С крякотом волевого усилия, как вступая на эшафот, Агей вышел из дальнего угла и, тщательно одергиваясь, направился к отцу. Спрятанные в ямах подо лбом глаза его косили и коварно поблескивали. Фирсов непроизвольно взглянул на часы с кукушкой, что висели сбоку при входе в игорную. На них было чуть больше половины второго ночи.
XXVII
Словно в возмещение за Манюкина, уже забытого в холодном чулане у Артемия, завсегдатаи его вертепа стали свидетелями отличного и редкого спектакля, на этот раз вдоволь насмешившего всех.

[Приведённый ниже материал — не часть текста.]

lemma closedin_baire_sub_topology_separates:
  assumes "closedin (baire_sub_topology A) F" "x \<in> A" "x \<notin> F"
  obtains K where "\<And>y. y \<in> F \<Longrightarrow> \<exists>i<K. y i \<noteq> x i"
proof -
  interpret Metric_space A baire_dist by (rule Metric_space_baire_dist)
  have "openin mtopology (A - F)"
    using assms(1) unfolding baire_sub_topology_def closedin_def by simp
  then obtain \<epsilon> where "\<epsilon> > 0" "mball x \<epsilon> \<subseteq> A - F"
    using assms(2,3) unfolding openin_mtopology by blast
  moreover obtain K where "(1/2::real)^K < \<epsilon>"
    using real_arch_pow_inv[of \<epsilon> "1/2"] \<open>\<epsilon> > 0\<close> by auto
  moreover have "F \<subseteq> A"
    using assms(1) closedin_subset unfolding baire_sub_topology_def by fastforce
  ultimately have "\<exists>i<K. y i \<noteq> x i" if "y \<in> F" for y
    using that assms(2) baire_dist_le_if_agree[of K x y] by fastforce
  then show thesis by (rule that)
qed

definition prefix_determined :: "nat \<Rightarrow> ((nat \<Rightarrow> nat) \<Rightarrow> 'b) \<Rightarrow> bool" where
  "prefix_determined k g \<longleftrightarrow> (\<forall>x y. (\<forall>i<k. x i = y i) \<longrightarrow> g x = g y)"

lemma full_set_level_set_if_prefix_determined:
  assumes "prefix_determined k g"
  shows "full_set A {x \<in> A. g x = v}"
  unfolding full_set_def full_set_const_def
proof (intro exI conjI ballI subsetI)
  fix x y assume "x \<in> {x \<in> A. g x = v}" "y \<in> {y \<in> A. baire_dist x y < (1/2)^k}"
  moreover have "g x = g y"
    using assms baire_dist_less_imp_eq calculation(2) unfolding prefix_determined_def by fastforce
  ultimately show "y \<in> {x \<in> A. g x = v}" by simp
qed auto

lemma full_function_if_prefix_determined:
  assumes "prefix_determined k g" "\<forall>x\<in>A. g x \<in> topspace Y" "finite (g ` A)"
  shows "full_function A Y g"
  using assms full_set_level_set_if_prefix_determined[OF assms(1)]
  unfolding full_function_def by blast

locale closed_ball_cover = Metric_space M m
  for M :: "'b set" and m
  and A :: "(nat \<Rightarrow> nat) set" and f :: "(nat \<Rightarrow> nat) \<Rightarrow> 'b"
  and c :: "nat \<Rightarrow> 'b" and r :: "nat \<Rightarrow> real" and P :: "nat \<Rightarrow> (nat \<Rightarrow> nat) set" +
  assumes f_in_M: "x \<in> A \<Longrightarrow> f x \<in> M"
    and c_in_M: "c l \<in> M"
    and closedin_P: "closedin (baire_sub_topology A) (P l)"
    and P_in_ball: "x \<in> P l \<Longrightarrow> m (c l) (f x) < r l"
    and covering: "x \<in> A \<Longrightarrow> \<epsilon> > 0 \<Longrightarrow> \<exists>l. x \<in> P l \<and> r l < \<epsilon>"
begin

definition visible :: "nat \<Rightarrow> (nat \<Rightarrow> nat) \<Rightarrow> nat \<Rightarrow> bool" where
  "visible k x l \<longleftrightarrow> l \<le> k \<and> (\<exists>y\<in>P l. \<forall>i<k. y i = x i)"

definition admissible :: "nat \<Rightarrow> (nat \<Rightarrow> nat) \<Rightarrow> nat set" where
  "admissible k x =
     {l. visible k x l \<and> (\<forall>l'<l. visible k x l' \<longrightarrow> m (c l) (c l') < r l + r l')}"

definition approx :: "nat \<Rightarrow> (nat \<Rightarrow> nat) \<Rightarrow> 'b" where
  "approx k x = (if admissible k x = {} then c 0 else c (arg_min_on r (admissible k x)))"

lemma finite_admissible: "finite (admissible k x)"
  by (rule finite_subset[of _ "{..k}"]) (auto simp: admissible_def visible_def)

lemma prefix_determined_approx: "prefix_determined k (approx k)"
  unfolding prefix_determined_def
proof (intro allI impI)
  fix x y :: "nat \<Rightarrow> nat" assume "\<forall>i<k. x i = y i"
  then have "visible k x = visible k y" by (auto simp: fun_eq_iff visible_def)
  then have "admissible k x = admissible k y" by (simp add: admissible_def)
  then show "approx k x = approx k y" by (simp add: approx_def)
qed

lemma approx_in_centres: "approx k x \<in> c ` {..k}"
  using arg_min_if_finite(1)[OF finite_admissible, of k x r]
  by (auto simp: approx_def admissible_def visible_def)

lemma approx_in_M: "approx k x \<in> M"
  using approx_in_centres[of k x] c_in_M by auto

lemma full_function_approx: "full_function A mtopology (approx k)"
proof (rule full_function_if_prefix_determined[OF prefix_determined_approx])
  show "\<forall>x\<in>A. approx k x \<in> topspace mtopology"
    using approx_in_M by simp
  show "finite (approx k ` A)"
    using approx_in_centres by (meson finite_atMost finite_imageI finite_subset image_subsetI)
qed

lemma eventually_visible_iff:
  assumes "x \<in> A"
  shows "\<forall>\<^sub>F k in sequentially. \<forall>l\<in>{..L}. visible k x l \<longleftrightarrow> x \<in> P l"
proof -
  have "\<forall>\<^sub>F k in sequentially. visible k x l \<longleftrightarrow> x \<in> P l" for l
  proof (cases "x \<in> P l")
    case True
    then show ?thesis
      unfolding visible_def eventually_sequentially by blast
  next
    case False
    then obtain K where "\<And>y. y \<in> P l \<Longrightarrow> \<exists>i<K. y i \<noteq> x i"
      using closedin_baire_sub_topology_separates[OF closedin_P assms] by metis
    then show ?thesis
      unfolding visible_def eventually_sequentially
      by (metis False less_le_trans)
  qed
  then show ?thesis by (simp add: eventually_ball_finite)
qed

Смирный, с опущенною головой, Агей подошел к отцу и, поцеловав у него руку, указал на него ворам, недоуменно переступавшим с ноги на ногу.
— Окажите почтение, граждане, родитель мой перед вами, Финоген Столяров… только строговат он у меня, берегите ухи! — и, кланяясь враз объединившейся компании, подмигнул, давая тем самым разгадку и сигнал к забаве. — Ну-ка, кто поближе, винца и присесть папаше!..
— Честной компании мир! — со скромным достоинством произнес старый Финоген и коснулся того места на сермяжной поддевке, куда прячут деньги и где бьется сердце. — С чего гульбу-то эку, беспробудну, затеяли?
— Именины празднуем, папаня! — хором прокричали воры, втягиваясь в азарт веселой Агеевой затеи. — Так что Максима-чудотворца празднуем! Ты скидай, папань, сермяжку-то… сохранней будет, да и телу враз полегше станет!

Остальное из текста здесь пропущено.